Assignment:
Please give back, word for word, each line from the start of the entries through the one in which "using assms unfolding" is found.

Saved data entries
lemma continuous_on_level_cost:
  assumes "admissible f"
  shows "continuous_on {0..R} (level_cost f p)"
proof -
  obtain L where "L-lipschitz_on {0..R} (\<lambda>r. f r p)"
    using assms unfolding admissible_def lipschitz_in_level_def by blast
  hence "continuous_on {0..R} (\<lambda>r. f r p)" by (rule lipschitz_on_continuous_on)
  thus ?thesis unfolding level_cost_def by (intro continuous_intros)
qed

lemma bellman_min_eq:
  assumes "lin_growth f" "r \<in> {0..R}"
  shows "bellman_min c f r p = reachable_min f p r - r * p - c"
proof -
  have m: "min (R - r) X = R - r" using assms R_le_X by auto
  have img: "(\<lambda>x. r + x) ` {0..R - r} = {r..R}"
    using image_add_atLeastAtMost[of r 0 "R - r"] by (simp add: add.commute)
  have "bellman_min c f r p = (INF x\<in>{0..R - r}. (\<lambda>s. level_cost f p s + (- r * p - c)) (r + x))"
    unfolding bellman_min_def m level_cost_def by (simp add: algebra_simps)
  also have "\<dots> = (INF s\<in>{r..R}. level_cost f p s + (- r * p - c))"
    unfolding img[symmetric] image_image by simp
  also have "\<dots> = reachable_min f p r + (- r * p - c)"
    unfolding reachable_min_def using assms by (intro cINF_add_const bdd_below_level_cost) auto
  finally show ?thesis by simp
qed

text \<open>By convexity the minimum over \<open>[r\<^sub>1, R]\<close> either lies in \<open>[r\<^sub>1, r\<^sub>2]\<close> or, if the cost still drops
  beyond \<open>r\<^sub>2\<close>, the cost is nonincreasing on \<open>[r\<^sub>1, r\<^sub>2]\<close>.\<close>

lemma reachable_min_diff:
  assumes f: "lin_growth f" "convex_in_level f" and r: "r\<^sub>1 \<in> {0..R}" "r\<^sub>2 \<in> {0..R}" "r\<^sub>1 \<le> r\<^sub>2"
  shows "reachable_min f p r\<^sub>1 - reachable_min f p r\<^sub>2 = (INF s\<in>{r\<^sub>1..r\<^sub>2}. level_cost f p s) - level_cost f p r\<^sub>2"
proof -
  let ?W = "level_cost f p"
  define J where "J = (INF s\<in>{r\<^sub>1..r\<^sub>2}. ?W s)"
  define M where "M = reachable_min f p r\<^sub>2"
  have bdd1: "bdd_below (?W ` {r\<^sub>1..r\<^sub>2})" and bdd2: "bdd_below (?W ` {r\<^sub>2..R})"
    using r by (auto intro!: bdd_below_level_cost[OF f(1)])
  have split: "{r\<^sub>1..R} = {r\<^sub>1..r\<^sub>2} \<union> {r\<^sub>2..R}" using r by auto
  have min: "reachable_min f p r\<^sub>1 = min J M"
    unfolding reachable_min_def J_def M_def split image_Un using r bdd1 bdd2
    by (simp add: cInf_union_distrib inf_min)
  have J_le: "J \<le> ?W r\<^sub>2" unfolding J_def by (rule cINF_lower[OF bdd1]) (use r in auto)
  have M_le: "M \<le> ?W r\<^sub>2" unfolding M_def reachable_min_def by (rule cINF_lower[OF bdd2]) (use r in auto)
  show ?thesis
  proof (cases "M = ?W r\<^sub>2")
    case True thus ?thesis using min J_le unfolding J_def M_def by simp
  next
    case False
    hence "M < ?W r\<^sub>2" using M_le by simp
    have "\<exists>x\<in>?W ` {r\<^sub>2..R}. x < ?W r\<^sub>2"
      by (rule cInf_lessD) (use r \<open>M < ?W r\<^sub>2\<close> in \<open>auto simp: M_def reachable_min_def\<close>)
    then obtain t where t: "t \<in> {r\<^sub>2..R}" "?W t < ?W r\<^sub>2" by blast
    have cvx: "convex_on {0..R} ?W"
      using level_cost_convex[OF f(2)] by (intro convex_onI) (auto simp: convex_real_interval)
    have "?W r\<^sub>2 \<le> J"
      unfolding J_def
    proof (rule cINF_greatest)
      show "{r\<^sub>1..r\<^sub>2} \<noteq> {}" using r by simp
      fix s assume s: "s \<in> {r\<^sub>1..r\<^sub>2}"
      have "r\<^sub>2 < t" using t by (cases "t = r\<^sub>2") auto
      thus "?W r\<^sub>2 \<le> ?W s"
        using convex_on_le_left_of_descent[OF cvx, of s t r\<^sub>2] s t r by auto
    qed
    thus ?thesis using J_le min \<open>M < ?W r\<^sub>2\<close> unfolding J_def M_def by simp
  qed
qed

lemma bellman_min_diff:
  assumes f: "lin_growth f" "convex_in_level f" and r: "r\<^sub>1 \<in> {0..R}" "r\<^sub>2 \<in> {0..R}" "r\<^sub>1 \<le> r\<^sub>2"
  shows "bellman_min c f r\<^sub>1 p - bellman_min c f r\<^sub>2 p = (INF s\<in>{r\<^sub>1..r\<^sub>2}. (s - r\<^sub>1) * p + f s p - f r\<^sub>2 p)"
proof -
  have "bellman_min c f r\<^sub>1 p - bellman_min c f r\<^sub>2 p
      = reachable_min f p r\<^sub>1 - reachable_min f p r\<^sub>2 + (r\<^sub>2 - r\<^sub>1) * p"
    using bellman_min_eq[OF f(1) r(1), of c p] bellman_min_eq[OF f(1) r(2), of c p] by (simp add: algebra_simps)
  also have "\<dots> = (INF s\<in>{r\<^sub>1..r\<^sub>2}. level_cost f p s) + ((r\<^sub>2 - r\<^sub>1) * p - level_cost f p r\<^sub>2)"
    using reachable_min_diff[OF f r] by simp
  also have "\<dots> = (INF s\<in>{r\<^sub>1..r\<^sub>2}. level_cost f p s + ((r\<^sub>2 - r\<^sub>1) * p - level_cost f p r\<^sub>2))"
    using r by (intro cINF_add_const[symmetric] bdd_below_level_cost[OF f(1)]) auto
  also have "\<dots> = (INF s\<in>{r\<^sub>1..r\<^sub>2}. (s - r\<^sub>1) * p + f s p - f r\<^sub>2 p)"
    unfolding level_cost_def by (simp add: algebra_simps)
  finally show ?thesis .
qed
lemma exists_unstraddled_scale:
  fixes \<eta> d :: real
  assumes n: "2 \<le> n" and prot: "protocol k r i1 i2 o1 o2 q" and z0: "config k n z0"
    and \<eta>: "0 < \<eta>" and d: "1 \<le> d" and box: "d < 1 + 1 / real n \<or> 4 * d ^ 4 \<le> real n powr \<eta>"
  shows "\<exists>t\<le>k + k ^ 4.
    (\<forall>j\<in>{1..r}. \<not> straddles_gap (real n) (box k n d z0) (rule_prob n i1 i2 q j) 1 (\<eta> * 25 ^ t)) \<and>
    (\<forall>i\<in>{1..k}. \<not> straddles_gap (real n) (box k n d z0) (\<lambda>z. real (z i)) 0 (\<eta> * 25 ^ t))"
proof -
  let ?S = "box k n d z0"
  define f where "f = case_sum (\<lambda>i z. real (z i)) (rule_prob n i1 i2 q)"
  define s :: "nat + nat \<Rightarrow> real" where "s = case_sum (\<lambda>_. 0) (\<lambda>_. 1)"
  have x: "1 < real n" using n by simp
  have P: "1 \<le> real n powr \<eta>" using n \<eta> by (intro ge_one_powr_ge_zero) auto
  have bounded_or_stable: "bounded_or_stable ?S (f m) (real n powr (\<eta> - s m)) (real n powr \<eta>)"
    if "m \<in> {1..k} <+> {1..r}" for m
    using that box_quantities_bounded_or_stable[OF n prot z0 d P box] n
    by (auto simp: f_def s_def powr_diff)
  have unique: "t = t'" if "m \<in> {1..k} <+> {1..r}"
    and "straddles_gap (real n) ?S (f m) (s m) (\<eta> * 25 ^ t)"
    and "straddles_gap (real n) ?S (f m) (s m) (\<eta> * 25 ^ t')" for m t t'
    using straddles_gap_scale_unique[OF x \<eta> bounded_or_stable[OF that(1)] that(2,3)] .
  have card: "card ({1..k} <+> {1..r}) \<le> k + k ^ 4"
    using prot by (simp add: card_Plus protocol_def)
  have "\<exists>t\<le>k + k ^ 4.
      \<forall>m\<in>{1..k} <+> {1..r}. \<not> straddles_gap (real n) ?S (f m) (s m) (\<eta> * 25 ^ t)"
    by (rule exists_scale_avoiding[OF _ card]) (simp, fact unique)
  then obtain t where t: "t \<le> k + k ^ 4"
    and avoid: "\<And>m. m \<in> {1..k} <+> {1..r} \<Longrightarrow> \<not> straddles_gap (real n) ?S (f m) (s m) (\<eta> * 25 ^ t)"
    by blast
  show ?thesis
    using t avoid[OF InlI] avoid[OF InrI] by (auto simp: f_def s_def)
qed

Response:
lemma continuous_on_level_cost:
  assumes "admissible f"
  shows "continuous_on {0..R} (level_cost f p)"
proof -
  obtain L where "L-lipschitz_on {0..R} (\<lambda>r. f r p)"
    using assms unfolding admissible_def lipschitz_in_level_def by blast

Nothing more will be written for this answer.